Story by The Atlantic on a study revisiting the “Marshmallow Test” is further supported by credible and relevant sources
The Marshmallow Test, a psychological study published in 1972 by Walter Mischel, prompted further research examining the relationship between a child’s ability to delay gratification and their future success. A similar study, conducted in 1990, is the basis of a recent replication attempt published in Psychological Science which Jessica Calarco discusses in this article for The Atlantic. The study of interest performed a conceptual replication; using a more representative sample and controlling for factors such as parent’s level of education. Ultimately, the study suggested that socioeconomic background is significant in determining the child’s ability to delay immediate gratification.
The Atlantic article accurately recounts the key facets and claims of the study and provides credible and relevant supporting information. Calarco is unbiased and does not suggest any incorrect causation or correlation throughout the article.
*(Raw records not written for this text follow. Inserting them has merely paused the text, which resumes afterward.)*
(* Let $\mathcal{D}$ be a finite set of $N\ge 2$ distinct real numbers, all in $[a,b]$, and let $0<\delta<1$. Suppose $\mathrm{LB}$ and $\mathrm{RB}$ are range-based lower and upper confidence bounders with the following validity property: for every finite set $\mathcal{D}'$ of reals contained in an interval $[a',b']$, every $k\ge 1$ with $k\le|\mathcal{D}'|$, and every $\delta'\in(0,1)$, if $T$ is a uniform without-replacement sample of size $k$ from $\mathcal{D}'$, then $\Pr[\mathrm{LB}(T,a',b',\delta') > \mathrm{AVG}(\mathcal{D}')] < \delta'$ and $\Pr[\mathrm{RB}(T,a',b',\delta') < \mathrm{AVG}(\mathcal{D}')] < \delta'$. Let $2 \le m \le N$ and let $S$ be a uniform without-replacement sample of size $m$ from $\mathcal{D}$. Define $$g_\ell = \mathrm{LB}\big(S\setminus\{\max S\},\, a,\, \max S,\, \delta/2\big),\qquad g_r = \mathrm{RB}\big(S\setminus\{\min S\},\, \min S,\, b,\, \delta/2\big).$$ Then $\Pr\big[\mathrm{AVG}(\mathcal{D}) \notin [g_\ell, g_r]\big] < \delta$. In particular $g_\ell$ does not depend on $b$ and $g_r$ does not depend on $a$.
   Context: $\mathrm{AVG}(\mathcal{D})$ is the arithmetic mean of the elements of $\mathcal{D}$. For $x\in\mathbb{R}$, write $\mathcal{D}_{<x}=\mathcal{D}\cap(-\infty,x)$ and $\mathcal{D}_{>x}=\mathcal{D}\cap(x,\infty)$. A uniform without-replacement sample of size $k$ from a finite set is a uniformly random $k$-element subset (equivalently the first $k$ entries of a uniformly random ordering). *)

theory Defs
  imports "HOL-Probability.Probability"
begin

definition AVG :: "real set \<Rightarrow> real" where
  "AVG D = (\<Sum>x\<in>D. x) / real (card D)"

definition sample_wor :: "'a set \<Rightarrow> nat \<Rightarrow> 'a set pmf" where
  "sample_wor D k = pmf_of_set {T. T \<subseteq> D \<and> card T = k}"

definition valid_LB :: "(real set \<Rightarrow> real \<Rightarrow> real \<Rightarrow> real \<Rightarrow> real) \<Rightarrow> bool" where
  "valid_LB LB \<longleftrightarrow> (\<forall>D' a' b' k \<delta>'. finite D' \<and> D' \<subseteq> {a'..b'} \<and> 1 \<le> k \<and> k \<le> card D'
      \<and> 0 < \<delta>' \<and> \<delta>' < 1 \<longrightarrow>
      measure_pmf.prob (sample_wor D' k) {T. LB T a' b' \<delta>' > AVG D'} < \<delta>')"

definition valid_RB :: "(real set \<Rightarrow> real \<Rightarrow> real \<Rightarrow> real \<Rightarrow> real) \<Rightarrow> bool" where
  "valid_RB RB \<longleftrightarrow> (\<forall>D' a' b' k \<delta>'. finite D' \<and> D' \<subseteq> {a'..b'} \<and> 1 \<le> k \<and> k \<le> card D'
      \<and> 0 < \<delta>' \<and> \<delta>' < 1 \<longrightarrow>
      measure_pmf.prob (sample_wor D' k) {T. RB T a' b' \<delta>' < AVG D'} < \<delta>')"

end

theory Submission
  imports Defs
begin

text \<open>Conditioned on \<open>Max S = x\<close>, the rest \<open>S - {x}\<close> is a uniform sample of size \<open>m - 1\<close>
  from \<open>{y \<in> D. y < x}\<close>, a set contained in \<open>{a..x}\<close> whose mean is at most \<open>AVG D\<close>.
  So the lower bound can exceed \<open>AVG D\<close> only if the bounder overshoots the mean of that
  smaller set, which has conditional probability below \<open>\<delta>/2\<close>; summing over \<open>x\<close> gives the
  same bound unconditionally. The upper bound is the mirror image under \<open>x \<mapsto> -x\<close>, and a
  union bound finishes the proof.\<close>

lemma measure_sample_wor:
  assumes "finite D" and "k \<le> card D"
  shows "measure_pmf.prob (sample_wor D k) E =
    real (card {T. T \<subseteq> D \<and> card T = k \<and> T \<in> E}) / real (card {T. T \<subseteq> D \<and> card T = k})"
proof -
  have "{T. T \<subseteq> D \<and> card T = k} \<noteq> {}"
    using obtain_subset_with_card_n[OF assms(2)] by blast
  moreover have "finite {T. T \<subseteq> D \<and> card T = k}"
    using assms(1) by simp
  ultimately show ?thesis
    unfolding sample_wor_def by (simp add: measure_pmf_of_set Int_def)
qed

lemma set_pmf_sample_wor:
  assumes "finite D" and "k \<le> card D"
  shows "set_pmf (sample_wor D k) = {T. T \<subseteq> D \<and> card T = k}"
  using obtain_subset_with_card_n[OF assms(2)] assms(1)
  unfolding sample_wor_def by (subst set_pmf_of_set) auto

lemma sample_wor_image:
  assumes "inj_on f D" and "finite D" and "k \<le> card D"
  shows "sample_wor (f ` D) k = map_pmf (image f) (sample_wor D k)"
proof -
  have "image f ` {T. T \<subseteq> D \<and> card T = k} = {T. T \<subseteq> f ` D \<and> card T = k}"
    using assms(1) by (auto simp: subset_image_iff card_image inj_on_subset)
  moreover have "inj_on (image f) {T. T \<subseteq> D \<and> card T = k}"
    using inj_on_image_Pow[OF assms(1)] by (rule inj_on_subset) auto
  moreover have "{T. T \<subseteq> D \<and> card T = k} \<noteq> {}"
    using obtain_subset_with_card_n[OF assms(3)] by blast
  ultimately show ?thesis
    unfolding sample_wor_def using assms(2) by (simp add: map_pmf_of_set_inj)
qed

lemma AVG_uminus: "AVG (uminus ` D) = - AVG D"
  by (simp add: AVG_def card_image sum.reindex sum_negf)

lemma AVG_lower_part_le:
  fixes D :: "real set"
  assumes "finite D" and "\<exists>y\<in>D. y < x"
  shows "AVG {y\<in>D. y < x} \<le> AVG D"
proof -
  define A where "A = {y\<in>D. y < x}"
  define B where "B = {y\<in>D. x \<le> y}"
  have "finite A" "finite B" "A \<inter> B = {}" "D = A \<union> B"
    using assms(1) by (auto simp: A_def B_def)
  then have sum_D: "\<Sum>D = \<Sum>A + \<Sum>B" and card_D: "card D = card A + card B"
    by (simp_all add: sum.union_disjoint card_Un_disjoint)
  have "card A > 0"
    using assms \<open>finite A\<close> by (auto simp: A_def card_gt_0_iff)
  have "\<Sum>A \<le> card A * x"
    using sum_mono[of A "\<lambda>y. y" "\<lambda>_. x"] by (auto simp: A_def)
  then have "\<Sum>A * card B \<le> card A * x * card B"
    by (simp add: mult_right_mono)
  also have "\<dots> \<le> card A * \<Sum>B"
    using sum_mono[of B "\<lambda>_. x" "\<lambda>y. y"] mult_left_mono[of "card B * x" "\<Sum>B" "card A"]
    by (auto simp: B_def mult_ac)
  finally have "\<Sum>A / card A \<le> (\<Sum>A + \<Sum>B) / (card A + card B)"
    using \<open>card A > 0\<close> by (simp add: field_simps)
  then show ?thesis
    unfolding AVG_def A_def[symmetric] by (simp add: sum_D card_D)
qed

lemma card_subsets_by_Max:
  fixes D :: "'a::linorder set"
  assumes "finite D" and "1 \<le> m"
  shows "card {S. S \<subseteq> D \<and> card S = m \<and> Q (Max S) (S - {Max S})} =
    (\<Sum>x\<in>D. card {T. T \<subseteq> {y\<in>D. y < x} \<and> card T = m - 1 \<and> Q x T})"
proof -
  let ?A = "{S. S \<subseteq> D \<and> card S = m \<and> Q (Max S) (S - {Max S})}"
  let ?F = "\<lambda>x. {T. T \<subseteq> {y\<in>D. y < x} \<and> card T = m - 1 \<and> Q x T}"
  have Max_split: "Max S \<in> S" "S - {Max S} \<subseteq> {y\<in>D. y < Max S}" "card (S - {Max S}) = m - 1"
    if "S \<subseteq> D" "card S = m" for S
  proof -
    have "finite S" "S \<noteq> {}"
      using that assms finite_subset by auto
    then show "Max S \<in> S" "S - {Max S} \<subseteq> {y\<in>D. y < Max S}" "card (S - {Max S}) = m - 1"
      using that by (auto simp: less_le)
  qed
  have Max_insert: "Max (insert x T) = x" and finite_below: "finite T" and notin_below: "x \<notin> T"
    if "T \<subseteq> {y\<in>D. y < x}" for x T
  proof -
    show "finite T"
      using that assms(1) by (auto intro: finite_subset)
    then show "Max (insert x T) = x"
      using that by (intro Max_eqI) auto
    show "x \<notin> T"
      using that by auto
  qed
  have "bij_betw (\<lambda>S. (Max S, S - {Max S})) ?A (SIGMA x:D. ?F x)"
  proof (rule bij_betw_byWitness[where f' = "\<lambda>(x, T). insert x T"])
    show "\<forall>S\<in>?A. (\<lambda>(x, T). insert x T) (Max S, S - {Max S}) = S"
      using Max_split(1) by auto
    show "(\<lambda>S. (Max S, S - {Max S})) ` ?A \<subseteq> (SIGMA x:D. ?F x)"
      using Max_split by blast
    show "\<forall>p\<in>SIGMA x:D. ?F x. (\<lambda>S. (Max S, S - {Max S})) ((\<lambda>(x, T). insert x T) p) = p"
      using Max_insert notin_below by auto
    show "(\<lambda>(x, T). insert x T) ` (SIGMA x:D. ?F x) \<subseteq> ?A"
      using Max_insert finite_below notin_below assms(2)
      by auto
  qed
  then have "card ?A = card (SIGMA x:D. ?F x)"
    by (rule bij_betw_same_card)
  also have "\<dots> = (\<Sum>x\<in>D. card (?F x))"
    using assms(1) by (intro card_SigmaI) auto
  finally show ?thesis .
qed

lemma card_subsets_of_card_pos:
  assumes "finite D" and "k \<le> card D"
  shows "card {T. T \<subseteq> D \<and> card T = k} > 0"
  using obtain_subset_with_card_n[OF assms(2)] assms(1) by (auto simp: card_gt_0_iff)

lemma valid_LB_card_subsets_less:
  assumes "valid_LB LB" and "finite A" and "A \<subseteq> {a..b}"
    and "1 \<le> k" and "k \<le> card A" and "0 < c" and "c < 1" and "AVG A \<le> \<mu>"
  shows "real (card {T. T \<subseteq> A \<and> card T = k \<and> \<mu> < LB T a b c})
    < c * card {T. T \<subseteq> A \<and> card T = k}"
proof -
  have "measure_pmf.prob (sample_wor A k) {T. AVG A < LB T a b c} < c"
    using assms unfolding valid_LB_def by blast
  then have "real (card {T. T \<subseteq> A \<and> card T = k \<and> AVG A < LB T a b c})
      < c * card {T. T \<subseteq> A \<and> card T = k}"
    using card_subsets_of_card_pos[OF assms(2,5)]
    by (simp add: measure_sample_wor[OF assms(2,5)] divide_less_eq)
  moreover have "card {T. T \<subseteq> A \<and> card T = k \<and> \<mu> < LB T a b c}
      \<le> card {T. T \<subseteq> A \<and> card T = k \<and> AVG A < LB T a b c}"
    using assms(2,8) by (intro card_mono) auto
  ultimately show ?thesis
    by linarith
qed

lemma valid_LB_without_Max:
  fixes D :: "real set"
  assumes "valid_LB LB" and "finite D" and "D \<subseteq> {a..}"
    and "0 < c" and "c < 1" and "2 \<le> m" and "m \<le> card D"
  shows "measure_pmf.prob (sample_wor D m) {S. AVG D < LB (S - {Max S}) a (Max S) c} < c"
proof -
  define V where "V x = {T. T \<subseteq> {y\<in>D. y < x} \<and> card T = m - 1}" for x
  define W where "W x = {T. T \<subseteq> {y\<in>D. y < x} \<and> card T = m - 1 \<and> AVG D < LB T a x c}" for x
  have fibre_less: "real (card (W x)) < c * card (V x)" if nonempty: "V x \<noteq> {}" for x
  proof -
    obtain T where T: "T \<subseteq> {y\<in>D. y < x}" "card T = m - 1"
      using nonempty unfolding V_def by blast
    have "m - 1 \<le> card {y\<in>D. y < x}"
      using T assms(2) card_mono[of "{y\<in>D. y < x}" T] by simp
    moreover have "T \<noteq> {}"
      using T(2) assms(6) by auto
    then have "\<exists>y\<in>D. y < x"
      using T(1) by blast
    moreover have "{y\<in>D. y < x} \<subseteq> {a..x}"
      using assms(3) by auto
    ultimately show ?thesis
      unfolding V_def W_def using assms(1,2,4-6) AVG_lower_part_le[OF assms(2)]
      by (intro valid_LB_card_subsets_less) auto
  qed
  have fibre_le: "real (card (W x)) \<le> c * card (V x)" for x
  proof (cases "V x = {}")
    case True
    moreover have "W x \<subseteq> V x"
      unfolding V_def W_def by blast
    ultimately show ?thesis
      by simp
  next
    case False
    then show ?thesis
      using fibre_less less_imp_le by blast
  qed
  have count_all: "card {S. S \<subseteq> D \<and> card S = m} = (\<Sum>x\<in>D. card (V x))"
    unfolding V_def using card_subsets_by_Max[OF assms(2), of m "\<lambda>_ _. True"] assms(6) by simp
  have count_event: "card {S. S \<subseteq> D \<and> card S = m \<and> AVG D < LB (S - {Max S}) a (Max S) c}
      = (\<Sum>x\<in>D. card (W x))"
    unfolding W_def using card_subsets_by_Max[OF assms(2), of m "\<lambda>x T. AVG D < LB T a x c"] assms(6)
    by simp
  have all_pos: "card {S. S \<subseteq> D \<and> card S = m} > 0"
    using assms(2,7) by (rule card_subsets_of_card_pos)
  then obtain x where "x \<in> D" "V x \<noteq> {}"
    unfolding count_all by (metis card.empty less_irrefl sum.neutral)
  then have "(\<Sum>x\<in>D. real (card (W x))) < (\<Sum>x\<in>D. c * card (V x))"
    using fibre_le fibre_less assms(2) by (intro sum_strict_mono_ex1) auto
  then have "real (card {S. S \<subseteq> D \<and> card S = m \<and> AVG D < LB (S - {Max S}) a (Max S) c})
      < c * card {S. S \<subseteq> D \<and> card S = m}"
    by (simp add: count_all count_event sum_distrib_left)
  then show ?thesis
    using all_pos by (simp add: measure_sample_wor[OF assms(2,7)] divide_less_eq)
qed

lemma valid_LB_reflect_RB:
  assumes "valid_RB RB"
  shows "valid_LB (\<lambda>T a b c. - RB (uminus ` T) (- b) (- a) c)"
  unfolding valid_LB_def
proof (intro allI impI, elim conjE)
  fix D :: "real set" and a b c :: real and k :: nat
  assume D: "finite D" "D \<subseteq> {a..b}" and k: "1 \<le> k" "k \<le> card D" and c: "0 < c" "c < 1"
  have "measure_pmf.prob (sample_wor (uminus ` D) k) {T. RB T (- b) (- a) c < AVG (uminus ` D)} < c"
  proof -
    have "uminus ` D \<subseteq> {- b..- a}"
      using D(2) by auto
    then show ?thesis
      using assms D k c unfolding valid_RB_def by (simp add: card_image)
  qed
  then show "measure_pmf.prob (sample_wor D k) {T. AVG D < - RB (uminus ` T) (- b) (- a) c} < c"
    using D k by (simp add: sample_wor_image AVG_uminus vimage_def less_minus_iff)
qed

lemma valid_RB_without_Min:
  fixes D :: "real set"
  assumes "valid_RB RB" and "finite D" and "D \<subseteq> {..b}"
    and "0 < c" and "c < 1" and "2 \<le> m" and "m \<le> card D"
  shows "measure_pmf.prob (sample_wor D m) {S. RB (S - {Min S}) (Min S) b c < AVG D} < c"
proof -
  let ?E = "{S. AVG (uminus ` D) < - RB (uminus ` (S - {Max S})) (- Max S) (- (- b)) c}"
  have "measure_pmf.prob (sample_wor (uminus ` D) m) ?E < c"
    using assms by (intro valid_LB_without_Max[OF valid_LB_reflect_RB]) (auto simp: card_image)
  moreover have "measure_pmf.prob (sample_wor (uminus ` D) m) ?E
      = measure_pmf.prob (sample_wor D m) {S. RB (S - {Min S}) (Min S) b c < AVG D}"
  proof -
    have "uminus ` (uminus ` S - {Max (uminus ` S)}) = S - {Min S}"
      and "Max (uminus ` S) = - Min S"
      if "S \<in> set_pmf (sample_wor D m)" for S
    proof -
      have "finite S" "S \<noteq> {}"
        using that assms(2,6,7) by (auto simp: set_pmf_sample_wor intro: finite_subset)
      then show "Max (uminus ` S) = - Min S"
        by simp
      then show "uminus ` (uminus ` S - {Max (uminus ` S)}) = S - {Min S}"
        by (simp add: image_set_diff image_image)
    qed
    then show ?thesis
      using assms(2,7)
      by (auto simp: sample_wor_image AVG_uminus intro!: measure_pmf.finite_measure_eq_AE AE_pmfI)
  qed
  ultimately show ?thesis
    by simp
qed

theorem mainTheorem3:
  fixes D :: "real set" and a b \<delta> :: real and m :: nat
    and LB RB :: "real set \<Rightarrow> real \<Rightarrow> real \<Rightarrow> real \<Rightarrow> real"
  assumes "finite D" and "card D \<ge> 2" and "D \<subseteq> {a..b}"
    and "0 < \<delta>" and "\<delta> < 1"
    and "valid_LB LB" and "valid_RB RB"
    and "2 \<le> m" and "m \<le> card D"
  shows "measure_pmf.prob (sample_wor D m)
           {S. AVG D \<notin> {LB (S - {Max S}) a (Max S) (\<delta>/2) .. RB (S - {Min S}) (Min S) b (\<delta>/2)}}
         < \<delta>"
proof -
  let ?P = "measure_pmf.prob (sample_wor D m)"
  let ?L = "{S. AVG D < LB (S - {Max S}) a (Max S) (\<delta>/2)}"
  let ?R = "{S. RB (S - {Min S}) (Min S) b (\<delta>/2) < AVG D}"
  have "?P {S. AVG D \<notin> {LB (S - {Max S}) a (Max S) (\<delta>/2) .. RB (S - {Min S}) (Min S) b (\<delta>/2)}}
      \<le> ?P (?L \<union> ?R)"
    by (intro measure_pmf.finite_measure_mono) auto
  also have "\<dots> \<le> ?P ?L + ?P ?R"
    by (rule measure_Un_le) simp_all
  also have "\<dots> < \<delta>/2 + \<delta>/2"
    using valid_LB_without_Max[OF assms(6,1), of a "\<delta>/2" m]
      valid_RB_without_Min[OF assms(7,1), of b "\<delta>/2" m] assms
    by fastforce
  finally show ?thesis
    by simp
qed

end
She effectively depicts the researcher’s purpose and the important differences between the replication attempt and the original study.
Calarco successfully communicates the findings of the article; she employs clear and accessible language suitable for the target audience. Further, she uses several supporting sources- including her own research- to support the article’s findings and to provide a commentary on other relevant research in the field. All of these sources are clearly cited and accessible to the audience; this provides the reader the opportunity to form their own opinions and to assess the credibility of The Atlantic article themselves.
Jessica Calarco, writing for The Atlantic, discusses an article published in Psychological Science that reassesses the “Marshmallow Test” and its relevance to sociology and psychology. The article in question revisits a previously popular study published in the 1990s that found a correlation between a child’s ability to delay gratification and their overall success in life.
Calarco initiates her article by introducing the original study and establishing relevant background information. She iterates the researcher’s reasons for conducting their new study and states what they changed from the original – creating a more representative sample and controlling certain factors. The article accurately states the claims of the study in an accurate manner while avoiding certain phrases to ensure that no outright correlations are incorrectly interpreted.
The article uses several other sources to back up the information presented in the original study. For example, Calarco takes examples from her own research – in a similar field – to support the conclusions and the scientific processes undertaken in the study, in an unbiased manner. She leaves much of the new evidence up for interpretation, which is welcomed, as it leaves the reader to come to their own conclusion.
Another positive aspect of the article is that it does not heavily rely on information from the study that it has based itself on. The story uses data from the paper sparingly making it much easier for the average reader to interpret and understand.